# snow like foam on the walls



## salmanhouse (Nov 16, 2006)

snow like foam on the wall and distroying it 

PLEASE HELP !

please see photos at
»community.webshots.com/album/555619770AVrICj

and tell me what is the problem with the walls.

note: the building is in Lahore, Pakistan (both 

winter and summer are hard)

workmen are suggesting to peal-off all the 

plaster and put the building on jack and replace 

at least two feet (in height) wall from all the 

building.
they say the building is watter logged.
------------------
But, only 40% walls are damaged and there are no 

other signs of dampness anywhere in the building. 

the building is a single story and built in 1995. 

and at least 2 feet above the road level.

please see photos and help
»community.webshots.com/album/555619770AVrICj

salman


----------



## Rustedbird (Nov 16, 2006)

Somehow water/moisture is getting into your walls. Looks like lime deposits to me. 

Beyond that hard to tell. Remember reading in National Geographic,  in Venice, they had to insert lead sheeting in the walls to prevent moisture from rising up. Wonder if it's the bottom two feet of walls they intend to replace?

Think you should google "rising damp".


----------



## mudmixer (Nov 16, 2006)

You did not mention what the walls are built of, but I would gues they are some unfired or partiall fired clay brick that is common in India and Pakistan. A second guess would be some kind of a low qualty concrete/pressed dirt block. In either case, the white deposit is called efflorescence, which is formed when water comes to the surface and evaporates and leaves the salt deposit.

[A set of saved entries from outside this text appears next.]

lemma light_row_bound:
  assumes "i < n" "J \<subseteq> {..<n}" "real (card J) \<le> \<alpha> * real n" "\<forall>j\<in>J. \<bar>x j\<bar> \<le> 1"
    and "(\<Sum>j\<in>J. Abar L \<omega> A i j) \<le> \<alpha> * mean_degree"
  shows "\<bar>\<Sum>j\<in>J. centered A i j * x j\<bar> \<le> 2 * \<alpha> * mean_degree"
proof -
  have Abar: "0 \<le> Abar L \<omega> A i j" for j
    unfolding Abar_def using weight_pos by (intro sum_nonneg) (auto intro: less_imp_le)
  have EAbar: "0 \<le> EAbar L \<omega> p i j" "EAbar L \<omega> p i j \<le> mean_degree / real n" if "j \<in> J" for j
  proof -
    have "j < n"
      using that assms(2) by auto
    then show "0 \<le> EAbar L \<omega> p i j"
      unfolding EAbar_def using weight_pos p_bounds assms(1) by (intro sum_nonneg) (auto intro: less_imp_le)
    have "EAbar L \<omega> p i j \<le> (\<Sum>l<L. \<omega> l * (dmax n p l / real n))"
      unfolding EAbar_def using \<open>j < n\<close> weight_pos assms(1)
      by (intro sum_mono mult_left_mono p_le_dmax_div) (auto intro: less_imp_le)
    then show "EAbar L \<omega> p i j \<le> mean_degree / real n"
      by (simp add: sum_divide_distrib)
  qed
  have "\<bar>\<Sum>j\<in>J. centered A i j * x j\<bar> \<le> (\<Sum>j\<in>J. Abar L \<omega> A i j + EAbar L \<omega> p i j)"
  proof (intro order_trans[OF sum_abs] sum_mono)
    fix j
    assume "j \<in> J"
    have "\<bar>centered A i j * x j\<bar> \<le> \<bar>centered A i j\<bar> * 1"
      unfolding abs_mult using assms(4) \<open>j \<in> J\<close> by (intro mult_left_mono) auto
    moreover have "\<bar>centered A i j\<bar> \<le> Abar L \<omega> A i j + EAbar L \<omega> p i j"
      unfolding centered_def using Abar[of j] EAbar(1)[OF \<open>j \<in> J\<close>] by (simp add: abs_le_iff)
    ultimately show "\<bar>centered A i j * x j\<bar> \<le> Abar L \<omega> A i j + EAbar L \<omega> p i j"
      by linarith
  qed
  also have "\<dots> \<le> \<alpha> * mean_degree + real (card J) * (mean_degree / real n)"
    using assms(5) EAbar(2) sum_bounded_above[of J "\<lambda>j. EAbar L \<omega> p i j" "mean_degree / real n"]
    by (simp add: sum.distrib)
  also have "\<dots> \<le> \<alpha> * mean_degree + \<alpha> * mean_degree"
  proof -
    have "real (card J) / real n \<le> \<alpha>"
      using assms(3) n_pos by (simp add: field_simps)
    then have "real (card J) / real n * mean_degree \<le> \<alpha> * mean_degree"
      using mean_degree_nonneg by (rule mult_right_mono)
    then show ?thesis
      by simp
  qed
  finally show ?thesis
    by simp
qed

lemma abs_grid_slope_mult_weight_le:
  fixes \<alpha> lam :: real
  assumes "q \<in> grid (sqrt lam * (2 * \<alpha> * mean_degree))" "l < L" "0 \<le> \<alpha>" "0 < lam"
    and "4 * lam * \<alpha> * mean_degree * Max (\<omega> ` {..<L}) \<le> 1"
  shows "\<bar>grid_slope q * sqrt lam * \<omega> l\<bar> \<le> 1"
proof -
  define T where "T = sqrt lam * (2 * \<alpha> * mean_degree)"
  have "0 \<le> T"
    unfolding T_def using assms(3,4) mean_degree_nonneg by (intro mult_nonneg_nonneg) auto
  have "\<bar>grid_slope q\<bar> * sqrt lam \<le> (2 * T) * sqrt lam"
    using abs_grid_slope_le[OF assms(1)[folded T_def] \<open>0 \<le> T\<close>] by (rule mult_right_mono) (use assms(4) in simp)
  moreover have "\<omega> l \<le> Max (\<omega> ` {..<L})"
    using assms(2) by (intro Max_ge) auto
  ultimately have "\<bar>grid_slope q\<bar> * sqrt lam * \<omega> l \<le> (2 * T) * sqrt lam * Max (\<omega> ` {..<L})"
    by (rule mult_mono) (use \<open>0 \<le> T\<close> assms(2,4) weight_pos in \<open>auto intro: less_imp_le\<close>)
  also have "\<dots> = 4 * lam * \<alpha> * mean_degree * Max (\<omega> ` {..<L})"
    using assms(4) by (simp add: T_def)
  finally show ?thesis
    using assms(2,4,5) weight_pos by (simp add: abs_mult abs_of_pos)
qed

lemma truncated_row_sq_sum_mgf_le:
  fixes \<alpha> lam :: real
  assumes IJ: "I \<subseteq> {..<n}" "J \<subseteq> {..<n}" and card_J: "real (card J) \<le> \<alpha> * real n"
    and x: "\<forall>j\<in>J. \<bar>x j\<bar> \<le> 1" and \<alpha>: "0 \<le> \<alpha>" and lam: "0 < lam"
    and small_var: "8 * (lam * (\<alpha> * var_degree)) \<le> 1"
    and small_slope: "4 * lam * \<alpha> * mean_degree * Max (\<omega> ` {..<L}) \<le> 1"
  shows "measure_pmf.expectation (bern_model L n p)
      (\<lambda>A. exp (lam * row_sq_sum (centered A) {i\<in>I. (\<Sum>j\<in>J. Abar L \<omega> A i j) \<le> \<alpha> * mean_degree} J x))
    \<le> exp (4 * real (card I))"
proof -
  define light where "light A i \<longleftrightarrow> (\<Sum>j\<in>J. Abar L \<omega> A i j) \<le> \<alpha> * mean_degree" for A i
  define Y where "Y A i = (\<Sum>j\<in>J. centered A i j * x j)" for A i
  define T where "T = sqrt lam * (2 * \<alpha> * mean_degree)"
  have "finite I"
    using IJ finite_subset by blast
  have "measure_pmf.expectation (bern_model L n p) (\<lambda>A. exp (lam * row_sq_sum (centered A) {i\<in>I. light A i} J x))
    = measure_pmf.expectation (bern_model L n p) (\<lambda>A. \<Prod>i\<in>I. exp (if light A i then (sqrt lam * Y A i)\<^sup>2 else 0))"
    unfolding Y_def using \<open>finite I\<close> lam by (simp add: exp_row_sq_sum_filter)
  also have "\<dots> \<le> (\<Sum>q\<in>grid T. grid_weight q * exp (\<alpha> * var_degree * (grid_slope q * sqrt lam)\<^sup>2)) ^ card I"
  proof (rule expectation_prod_le_mixture_power)
    show "\<forall>A. \<forall>i\<in>I. 0 \<le> exp (if light A i then (sqrt lam * Y A i)\<^sup>2 else 0) \<and> exp (if light A i then (sqrt lam * Y A i)\<^sup>2 else 0)
        \<le> (\<Sum>q\<in>grid T. grid_weight q * exp (grid_slope q * sqrt lam * Y A i))"
    proof (intro allI ballI conjI)
      fix A i
      assume "i \<in> I"
      have "\<bar>sqrt lam * Y A i\<bar> \<le> T" if "light A i"
      proof -
        have "\<bar>Y A i\<bar> \<le> 2 * \<alpha> * mean_degree"
          unfolding Y_def using that IJ \<open>i \<in> I\<close> card_J x by (intro light_row_bound) (auto simp: light_def)
        then show ?thesis
          unfolding T_def abs_mult using lam by (simp add: mult_left_mono)
      qed
      then show "exp (if light A i then (sqrt lam * Y A i)\<^sup>2 else 0)
          \<le> (\<Sum>q\<in>grid T. grid_weight q * exp (grid_slope q * sqrt lam * Y A i))"
        using exp_truncated_square_le_grid_sum[of "light A i" "sqrt lam * Y A i" T] by (simp add: mult.assoc)
    qed simp
    show "\<forall>f\<in>PiE I (\<lambda>_. grid T). measure_pmf.expectation (bern_model L n p)
        (\<lambda>A. exp (\<Sum>i\<in>I. grid_slope (f i) * sqrt lam * Y A i))
      \<le> exp (\<alpha> * var_degree * (\<Sum>i\<in>I. (grid_slope (f i) * sqrt lam)\<^sup>2))"
      unfolding Y_def T_def using \<alpha> lam small_slope
      by (intro ballI expectation_exp_row_combination_le IJ card_J x)
        (auto simp: PiE_iff intro: abs_grid_slope_mult_weight_le)
  qed (use \<open>finite I\<close> in \<open>auto simp: finite_set_pmf_bern_model finite_grid grid_weight_nonneg\<close>)
  also have "\<dots> \<le> exp 4 ^ card I"
  proof (intro power_mono sum_nonneg)
    have "(\<Sum>q\<in>grid T. grid_weight q * exp (\<alpha> * var_degree * (grid_slope q * sqrt lam)\<^sup>2))
        = (\<Sum>q\<in>grid T. grid_weight q * exp ((grid_slope q)\<^sup>2 * (lam * (\<alpha> * var_degree))))"
      using lam by (simp add: power_mult_distrib mult_ac)
    also have "\<dots> \<le> exp 4"
      using small_var \<alpha> lam var_degree_nonneg by (intro grid_sum_le_exp_4) auto
    finally show "(\<Sum>q\<in>grid T. grid_weight q * exp (\<alpha> * var_degree * (grid_slope q * sqrt lam)\<^sup>2)) \<le> exp 4" .
  qed (simp_all add: grid_weight_nonneg)
  also have "\<dots> = exp (4 * real (card I))"
    by (simp add: exp_of_nat_mult[symmetric] mult.commute)
  finally show ?thesis
    by (simp only: light_def)
qed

I assume most of the walls are interior, but one is obviously a privacy/security wall.

The salt crystals are expansive and can deteriorate the surface (plaster/stucco in your case) and possibly the wall material. The source of the salt could be from the plaster or from the wall materials. Water is the vehicle that dissolves and carries the salt to the surface.

You should get rid of the water in the wall. The source could be absorption and capillary action from below as suggested or from leakage above if you have significant rains. My geography memory is poor, but I do recall being in some significant rains in the south.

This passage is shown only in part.